TASK TO COMPLETE:
Repeat only part of the entries. Start at the line that has "(\<Sum>i<l. i) = int" and keep going through the last line, exactly as given.

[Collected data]
--

lemma sum_inj_on_same_parity_ge:
  fixes \<kappa> :: "'a \<Rightarrow> nat"
  assumes "finite S" and inj: "inj_on \<kappa> S" and parity: "\<And>j. j \<in> S \<Longrightarrow> \<kappa> j mod 2 = r"
  shows "card S * (card S - 1) + r * card S \<le> (\<Sum>j\<in>S. \<kappa> j)"
proof -
  define h where "h j = \<kappa> j div 2" for j
  have \<kappa>: "\<kappa> j = 2 * h j + r" if "j \<in> S" for j
    using parity[OF that] unfolding h_def by presburger
  have "inj_on h S"
    using inj by (auto simp: inj_on_def \<kappa>)
  then have "card (h ` S) = card S" "\<Sum>(h ` S) = (\<Sum>j\<in>S. h j)"
    by (simp_all add: card_image sum.reindex)
  moreover have "(\<Sum>j\<in>S. \<kappa> j) = 2 * (\<Sum>j\<in>S. h j) + r * card S"
    by (simp add: \<kappa> sum.distrib sum_distrib_left)
  ultimately show ?thesis
    using card_times_pred_le_double_sum[of "h ` S"] assms(1) by simp
qed

lemma two_core_size_parity_counts:
  assumes lam: "is_partition lam"
  defines "a \<equiv> card {j. j < length lam \<and> even (degvec lam ! j)}"
    and "b \<equiv> card {j. j < length lam \<and> odd (degvec lam ! j)}"
  shows "sum_list (two_core lam) + (\<Sum>i<length lam. i) = a * (a - 1) + b * b"
proof -
  define l where "l = length lam"
  have "card ({j. j < l \<and> even (degvec lam ! j)} \<union> {j. j < l \<and> odd (degvec lam ! j)}) = a + b"
    unfolding a_def b_def l_def by (rule card_Un_disjoint) auto
  moreover have "{j. j < l \<and> even (degvec lam ! j)} \<union> {j. j < l \<and> odd (degvec lam ! j)} = {..<l}"
    by auto
  ultimately have "l = a + b"
    by simp
  have "odd_excess lam = int b - int a"
    by (simp add: odd_excess_def length_filter_conv_card a_def b_def)
  then have "2 * int (sum_list (two_core lam)) = (int b - int a) * (int b - int a + 1)"
    using double_sum_list_two_core[OF lam] by simp
  moreover have "2 * int (\<Sum>i<l. i) = int l * (int l - 1)"
    using double_sum_lessThan[of l, where 'a = int] by (simp add: of_nat_sum)
  ultimately have "2 * (int (sum_list (two_core lam)) + int (\<Sum>i<l. i)) = 2 * (int a * (int a - 1) + int b * int b)"
    using \<open>l = a + b\<close> by (simp add: algebra_simps)
  then have "int (sum_list (two_core lam) + (\<Sum>i<l. i)) = int (a * (a - 1) + b * b)"
    by (cases a) (simp_all add: algebra_simps)
  then show ?thesis
    unfolding l_def by linarith
qed

text \<open>With a even and b odd degrees, distinct exponents of the same parities sum to at least
  a (a - 1) + b * b.\<close>

lemma two_core_size_le_sum:
  assumes lam: "is_partition lam"
    and parity: "\<And>j. j < length lam \<Longrightarrow> even (degvec lam ! j + \<kappa> j)"
    and inj: "inj_on \<kappa> {..<length lam}"
  shows "sum_list (two_core lam) + (\<Sum>i<length lam. i) \<le> (\<Sum>j<length lam. \<kappa> j)"
proof -
  define l where "l = length lam"
  define Ev where "Ev = {j. j < l \<and> even (degvec lam ! j)}"
  define Od where "Od = {j. j < l \<and> odd (degvec lam ! j)}"
  have parts: "{..<l} = Ev \<union> Od" "Ev \<inter> Od = {}" "finite Ev" "finite Od"
    by (auto simp: Ev_def Od_def)
  have "card Ev * (card Ev - 1) + 0 * card Ev \<le> (\<Sum>j\<in>Ev. \<kappa> j)"
    by (rule sum_inj_on_same_parity_ge) (use inj parity in \<open>auto simp: Ev_def l_def intro: inj_on_subset\<close>)
  moreover have "card Od * (card Od - 1) + 1 * card Od \<le> (\<Sum>j\<in>Od. \<kappa> j)"
    by (rule sum_inj_on_same_parity_ge)
      (use inj parity in \<open>auto simp: Od_def l_def intro: inj_on_subset, presburger\<close>)
  moreover have "(\<Sum>j<l. \<kappa> j) = (\<Sum>j\<in>Ev. \<kappa> j) + (\<Sum>j\<in>Od. \<kappa> j)"
    unfolding parts(1) using parts(2-4) by (simp add: sum.union_disjoint)
  ultimately have "card Ev * (card Ev - 1) + card Od * card Od \<le> (\<Sum>j<l. \<kappa> j)"
    by (cases "card Od") auto
  then show ?thesis
    using two_core_size_parity_counts[OF lam] by (simp add: Ev_def Od_def l_def)
qed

--

EXERCISE SOLUTION:
  moreover have "2 * int (\<Sum>i<l. i) = int l * (int l - 1)"
    using double_sum_lessThan[of l, where 'a = int] by (simp add: of_nat_sum)
  ultimately have "2 * (int (sum_list (two_core lam)) + int (\<Sum>i<l. i)) = 2 * (int a * (int a - 1) + int b * int b)"
    using \<open>l = a + b\<close> by (simp add: algebra_simps)
  then have "int (sum_list (two_core lam) + (\<Sum>i<l. i)) = int (a * (a - 1) + b * b)"
    by (cases a) (simp_all add: algebra_simps)
  then show ?thesis
    unfolding l_def by linarith
qed

text \<open>With a even and b odd degrees, distinct exponents of the same parities sum to at least
  a (a - 1) + b * b.\<close>

lemma two_core_size_le_sum:
  assumes lam: "is_partition lam"
    and parity: "\<And>j. j < length lam \<Longrightarrow> even (degvec lam ! j + \<kappa> j)"
    and inj: "inj_on \<kappa> {..<length lam}"
  shows "sum_list (two_core lam) + (\<Sum>i<length lam. i) \<le> (\<Sum>j<length lam. \<kappa> j)"
proof -
  define l where "l = length lam"
  define Ev where "Ev = {j. j < l \<and> even (degvec lam ! j)}"
  define Od where "Od = {j. j < l \<and> odd (degvec lam ! j)}"
  have parts: "{..<l} = Ev \<union> Od" "Ev \<inter> Od = {}" "finite Ev" "finite Od"
    by (auto simp: Ev_def Od_def)
  have "card Ev * (card Ev - 1) + 0 * card Ev \<le> (\<Sum>j\<in>Ev. \<kappa> j)"
    by (rule sum_inj_on_same_parity_ge) (use inj parity in \<open>auto simp: Ev_def l_def intro: inj_on_subset\<close>)
  moreover have "card Od * (card Od - 1) + 1 * card Od \<le> (\<Sum>j\<in>Od. \<kappa> j)"
    by (rule sum_inj_on_same_parity_ge)
      (use inj parity in \<open>auto simp: Od_def l_def intro: inj_on_subset, presburger\<close>)
  moreover have "(\<Sum>j<l. \<kappa> j) = (\<Sum>j\<in>Ev. \<kappa> j) + (\<Sum>j\<in>Od. \<kappa> j)"
    unfolding parts(1) using parts(2-4) by (simp add: sum.union_disjoint)
  ultimately have "card Ev * (card Ev - 1) + card Od * card Od \<le> (\<Sum>j<l. \<kappa> j)"
    by (cases "card Od") auto
  then show ?thesis
    using two_core_size_parity_counts[OF lam] by (simp add: Ev_def Od_def l_def)
qed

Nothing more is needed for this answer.